(Collected data)

=-=-=-=-=

(* Let $r\ge1$ and $k\ge1$ be integers. If $\vec a,\vec b\in\mathcal H_{r,k}$ have disjoint support, i.e. $a_i\ne b_j$ for all $i,j$, then transforming $\vec a$ into $\vec b$ in the Hanoi game on $\mathcal H_{r,k}$ requires exactly $2^k-1$ moves. The same holds for $\vec a,\vec b\in\mathcal H^*_{r,k}$ with disjoint support in the Hanoi game on $\mathcal H^*_{r,k}$.
   Context: A Hanoi state is a finite sequence of nonnegative integers $\vec x=(x_1,\dots,x_k)$ with $x_i\ne x_{i-1}$ for all $i>1$. $\mathcal H_{r,k}$ is the set of Hanoi states in $\{0,1,\dots,r\}^k$, and $\mathcal H^*_{r,k}\subseteq\mathcal H_{r,k}$ is the set of proper Hanoi states, those with $x_1\ne0$. In the Hanoi game on $\mathcal H_{r,k}$ a state is transformed by moves of two types: (1) an adjustment changes $x_k$ to any other value in $\{0,1,\dots,r\}$ different from $x_{k-1}$ (if $k=1$, to any other value); (2) for $k\ge2$, an involution finds the longest final segment $(x_j,\dots,x_k)$ of $\vec x$ on which the entries alternate between the values $x_k$ and $x_{k-1}$, and swaps the values $x_k$ and $x_{k-1}$ throughout that segment (e.g. $(1,2,3,4)\mapsto(1,2,4,3)$, $(1,2,1,2)\mapsto(2,1,2,1)$). The Hanoi game on $\mathcal H^*_{r,k}$ is the same but all states involved must be proper (moves that would make $x_1=0$ are forbidden). The number of moves required is the minimum length of a sequence of moves transforming $\vec a$ into $\vec b$. *)

theory Defs
  imports Main
begin

text \<open>States are lists of naturals; the paper's x_1,...,x_k is xs!0,...,xs!(k-1).\<close>

definition hanoi_states :: "nat \<Rightarrow> nat \<Rightarrow> nat list set" where
  "hanoi_states r k = {xs. length xs = k \<and> (\<forall>i<k. xs ! i \<le> r) \<and>
       (\<forall>i. 0 < i \<and> i < k \<longrightarrow> xs ! i \<noteq> xs ! (i - 1))}"

definition proper_hanoi_states :: "nat \<Rightarrow> nat \<Rightarrow> nat list set" where
  "proper_hanoi_states r k = {xs \<in> hanoi_states r k. xs ! 0 \<noteq> 0}"

definition adjustment :: "nat \<Rightarrow> nat list \<Rightarrow> nat list \<Rightarrow> bool" where
  "adjustment r xs ys \<longleftrightarrow> (\<exists>v. length xs \<ge> 1 \<and> v \<le> r \<and> v \<noteq> xs ! (length xs - 1) \<and>
       (length xs \<ge> 2 \<longrightarrow> v \<noteq> xs ! (length xs - 2)) \<and>
       ys = xs[length xs - 1 := v])"

definition swap_val :: "nat \<Rightarrow> nat \<Rightarrow> nat \<Rightarrow> nat" where
  "swap_val p q x = (if x = p then q else if x = q then p else x)"

definition involution :: "nat list \<Rightarrow> nat list" where
  "involution xs = (let k = length xs; p = xs ! (k - 1); q = xs ! (k - 2);
      j = (LEAST j. \<forall>i. j \<le> i \<and> i < k \<longrightarrow> xs ! i \<in> {p, q})
    in take j xs @ map (swap_val p q) (drop j xs))"

definition hanoi_move :: "nat list set \<Rightarrow> nat \<Rightarrow> (nat list \<times> nat list) set" where
  "hanoi_move S r = {(xs, ys). xs \<in> S \<and> ys \<in> S \<and>
       (adjustment r xs ys \<or> (length xs \<ge> 2 \<and> ys = involution xs))}"

definition min_moves :: "nat list set \<Rightarrow> nat \<Rightarrow> nat list \<Rightarrow> nat list \<Rightarrow> nat \<Rightarrow> bool" where
  "min_moves S r a b n \<longleftrightarrow> (a, b) \<in> (hanoi_move S r) ^^ n \<and>
       (\<forall>m<n. (a, b) \<notin> (hanoi_move S r) ^^ m)"

end

theory Submission
  imports Defs
begin
(* Let $b\ge2$ be an integer, $\lambda\in(1/b,1)$, and let $\phi$ be a real analytic $\mathbb{Z}$-periodic function satisfying condition (H). Then there exist $\varepsilon_1>0$ and a positive integer $Q_1$ such that for every $f\in\mathcal{F}_1$: $\sup_{x\in[0,1]}|f'(x)|\ge\varepsilon_1$, and for every $x\in[0,1]$ there exists $k\in\{1,\dots,Q_1\}$ with $|f^{(k)}(x)|\ge\varepsilon_1$.
   Context: $\Sigma=\{0,\dots,b-1\}^{\mathbb{Z}_+}$, $\gamma=1/(b\lambda)$, $Y(x,\mathbf{j})=-\sum_{n\ge1}\gamma^n\phi'\!\left(\frac{x}{b^n}+\frac{j_1}{b^n}+\cdots+\frac{j_n}{b}\right)$, $\Gamma_{\mathbf{j}}(x)=\int_0^xY(t,\mathbf{j})dt$. Condition (H): $Y(\cdot,\mathbf{j})-Y(\cdot,\mathbf{i})\not\equiv0$ for all $\mathbf{i}\ne\mathbf{j}$. For $n\in\mathbb{Z}_+$, $\mathcal{F}_n=\{\Gamma_{\mathbf{u}}-\Gamma_{\mathbf{v}}:\mathbf{u},\mathbf{v}\in\Sigma,\ u_n\ne v_n,\ u_j=v_j\text{ for }1\le j<n\}$. *)

theory Defs
  imports "HOL-Analysis.Analysis"
begin

definition real_analytic :: "(real \<Rightarrow> real) \<Rightarrow> bool" where
  "real_analytic \<phi> \<longleftrightarrow>
     (\<forall>x0. \<exists>r>0. \<exists>a::nat \<Rightarrow> real. \<forall>x. \<bar>x - x0\<bar> < r \<longrightarrow> (\<lambda>n. a n * (x - x0) ^ n) sums \<phi> x)"

text \<open>Symbol space: sequences j_1, j_2, ... with digits in {0..b-1}; the unused
  entry at index 0 is normalised to 0 so that elements correspond exactly to
  sequences indexed by the positive integers.\<close>
definition SigmaSp :: "nat \<Rightarrow> (nat \<Rightarrow> nat) set" where
  "SigmaSp b = {j. j 0 = 0 \<and> (\<forall>n\<ge>1. j n < b)}"

definition Yfun :: "nat \<Rightarrow> real \<Rightarrow> (real \<Rightarrow> real) \<Rightarrow> real \<Rightarrow> (nat \<Rightarrow> nat) \<Rightarrow> real" where
  "Yfun b lam \<phi> x j =
     - (\<Sum>m. let n = Suc m in
          (1 / (real b * lam)) ^ n *
          deriv \<phi> (x / real b ^ n + (\<Sum>k=1..n. real (j k) / real b ^ (n - k + 1))))"

definition Gammafun :: "nat \<Rightarrow> real \<Rightarrow> (real \<Rightarrow> real) \<Rightarrow> (nat \<Rightarrow> nat) \<Rightarrow> real \<Rightarrow> real" where
  "Gammafun b lam \<phi> j x =
     (if 0 \<le> x then integral {0..x} (\<lambda>t. Yfun b lam \<phi> t j)
      else - integral {x..0} (\<lambda>t. Yfun b lam \<phi> t j))"

definition condH :: "nat \<Rightarrow> real \<Rightarrow> (real \<Rightarrow> real) \<Rightarrow> bool" where
  "condH b lam \<phi> \<longleftrightarrow>
     (\<forall>i\<in>SigmaSp b. \<forall>j\<in>SigmaSp b. i \<noteq> j \<longrightarrow>
        (\<exists>x. Yfun b lam \<phi> x j - Yfun b lam \<phi> x i \<noteq> 0))"

definition Fset :: "nat \<Rightarrow> real \<Rightarrow> (real \<Rightarrow> real) \<Rightarrow> nat \<Rightarrow> (real \<Rightarrow> real) set" where
  "Fset b lam \<phi> n =
     {(\<lambda>x. Gammafun b lam \<phi> u x - Gammafun b lam \<phi> v x) | u v.
        u \<in> SigmaSp b \<and> v \<in> SigmaSp b \<and> u n \<noteq> v n \<and> (\<forall>k. 1 \<le> k \<and> k < n \<longrightarrow> u k = v k)}"

end

theory Submission
  imports Defs
begin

=-=-=-=-=

* Task goal:
All that belongs in your answer is the stretch of entries above from the line with "real) \<Rightarrow> (nat" through the line with "(if 0 \<le>", printed exactly.

* The answer:
definition Gammafun :: "nat \<Rightarrow> real \<Rightarrow> (real \<Rightarrow> real) \<Rightarrow> (nat \<Rightarrow> nat) \<Rightarrow> real \<Rightarrow> real" where
  "Gammafun b lam \<phi> j x =
     (if 0 \<le> x then integral {0..x} (\<lambda>t. Yfun b lam \<phi> t j)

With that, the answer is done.